** Opening Extracted information block **
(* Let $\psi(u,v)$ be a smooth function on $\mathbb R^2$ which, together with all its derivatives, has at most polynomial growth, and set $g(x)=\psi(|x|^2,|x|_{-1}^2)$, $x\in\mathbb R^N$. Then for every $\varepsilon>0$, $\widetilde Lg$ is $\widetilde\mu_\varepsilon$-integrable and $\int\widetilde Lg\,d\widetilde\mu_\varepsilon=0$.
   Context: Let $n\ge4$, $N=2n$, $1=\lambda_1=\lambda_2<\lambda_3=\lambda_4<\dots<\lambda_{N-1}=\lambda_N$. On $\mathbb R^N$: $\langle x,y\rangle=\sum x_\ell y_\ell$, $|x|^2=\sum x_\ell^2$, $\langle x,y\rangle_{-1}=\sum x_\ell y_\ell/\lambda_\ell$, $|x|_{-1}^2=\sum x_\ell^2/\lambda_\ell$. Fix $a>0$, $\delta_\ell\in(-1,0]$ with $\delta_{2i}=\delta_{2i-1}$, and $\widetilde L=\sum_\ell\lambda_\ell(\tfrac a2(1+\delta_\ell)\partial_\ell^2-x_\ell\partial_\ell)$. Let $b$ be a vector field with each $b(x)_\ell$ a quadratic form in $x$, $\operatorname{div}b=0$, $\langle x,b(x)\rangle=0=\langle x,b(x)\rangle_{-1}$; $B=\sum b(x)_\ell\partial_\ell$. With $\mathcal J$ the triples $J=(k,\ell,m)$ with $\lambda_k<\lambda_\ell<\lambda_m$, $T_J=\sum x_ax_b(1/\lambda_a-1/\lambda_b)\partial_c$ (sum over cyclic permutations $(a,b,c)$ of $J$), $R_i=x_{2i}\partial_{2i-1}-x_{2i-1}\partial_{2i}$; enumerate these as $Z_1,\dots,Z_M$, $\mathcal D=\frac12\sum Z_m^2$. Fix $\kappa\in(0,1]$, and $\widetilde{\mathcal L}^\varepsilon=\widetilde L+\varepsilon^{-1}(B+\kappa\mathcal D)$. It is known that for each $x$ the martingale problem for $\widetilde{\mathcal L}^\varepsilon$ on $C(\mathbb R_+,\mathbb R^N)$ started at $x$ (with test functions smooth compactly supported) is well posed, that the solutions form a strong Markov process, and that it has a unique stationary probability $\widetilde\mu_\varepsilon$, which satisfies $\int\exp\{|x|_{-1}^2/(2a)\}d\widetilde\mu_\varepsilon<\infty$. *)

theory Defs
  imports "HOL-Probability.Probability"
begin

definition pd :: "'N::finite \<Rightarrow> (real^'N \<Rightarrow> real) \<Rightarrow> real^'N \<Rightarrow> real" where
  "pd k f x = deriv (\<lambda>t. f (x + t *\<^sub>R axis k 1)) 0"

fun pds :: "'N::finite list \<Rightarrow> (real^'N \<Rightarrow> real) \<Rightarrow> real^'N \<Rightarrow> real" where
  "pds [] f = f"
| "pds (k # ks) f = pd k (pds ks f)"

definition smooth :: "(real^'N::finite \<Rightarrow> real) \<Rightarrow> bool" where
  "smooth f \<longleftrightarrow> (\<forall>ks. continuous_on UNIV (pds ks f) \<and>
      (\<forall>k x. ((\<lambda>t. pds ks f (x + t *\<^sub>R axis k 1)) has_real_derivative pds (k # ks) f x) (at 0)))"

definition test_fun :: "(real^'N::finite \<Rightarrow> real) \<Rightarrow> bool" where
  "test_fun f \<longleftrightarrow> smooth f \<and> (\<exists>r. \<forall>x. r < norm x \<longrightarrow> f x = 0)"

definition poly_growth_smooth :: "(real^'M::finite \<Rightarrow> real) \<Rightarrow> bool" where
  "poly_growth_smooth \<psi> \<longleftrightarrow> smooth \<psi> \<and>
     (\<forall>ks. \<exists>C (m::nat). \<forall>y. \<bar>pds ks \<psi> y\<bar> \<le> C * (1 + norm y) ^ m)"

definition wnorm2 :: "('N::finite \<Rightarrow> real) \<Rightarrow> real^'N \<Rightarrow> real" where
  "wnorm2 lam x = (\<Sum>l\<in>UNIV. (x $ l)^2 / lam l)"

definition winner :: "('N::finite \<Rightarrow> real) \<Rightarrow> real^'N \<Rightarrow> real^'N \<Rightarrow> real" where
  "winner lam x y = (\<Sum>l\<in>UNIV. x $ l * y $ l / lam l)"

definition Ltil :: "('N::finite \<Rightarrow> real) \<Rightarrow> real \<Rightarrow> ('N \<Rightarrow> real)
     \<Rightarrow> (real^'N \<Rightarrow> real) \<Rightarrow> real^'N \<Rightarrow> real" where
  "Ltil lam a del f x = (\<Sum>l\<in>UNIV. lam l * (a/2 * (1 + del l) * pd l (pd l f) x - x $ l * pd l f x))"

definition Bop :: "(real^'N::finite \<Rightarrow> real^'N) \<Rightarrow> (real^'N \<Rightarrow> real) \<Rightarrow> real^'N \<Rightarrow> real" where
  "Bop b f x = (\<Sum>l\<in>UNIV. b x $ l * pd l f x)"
** Closing Extracted information block **
Only the lines with "longleftrightarrow" are needed; find them in the records and copy each one.

  "smooth f \<longleftrightarrow> (\<forall>ks. continuous_on UNIV (pds ks f) \<and>
  "test_fun f \<longleftrightarrow> smooth f \<and> (\<exists>r. \<forall>x. r < norm x \<longrightarrow> f x = 0)"
  "poly_growth_smooth \<psi> \<longleftrightarrow> smooth \<psi> \<and>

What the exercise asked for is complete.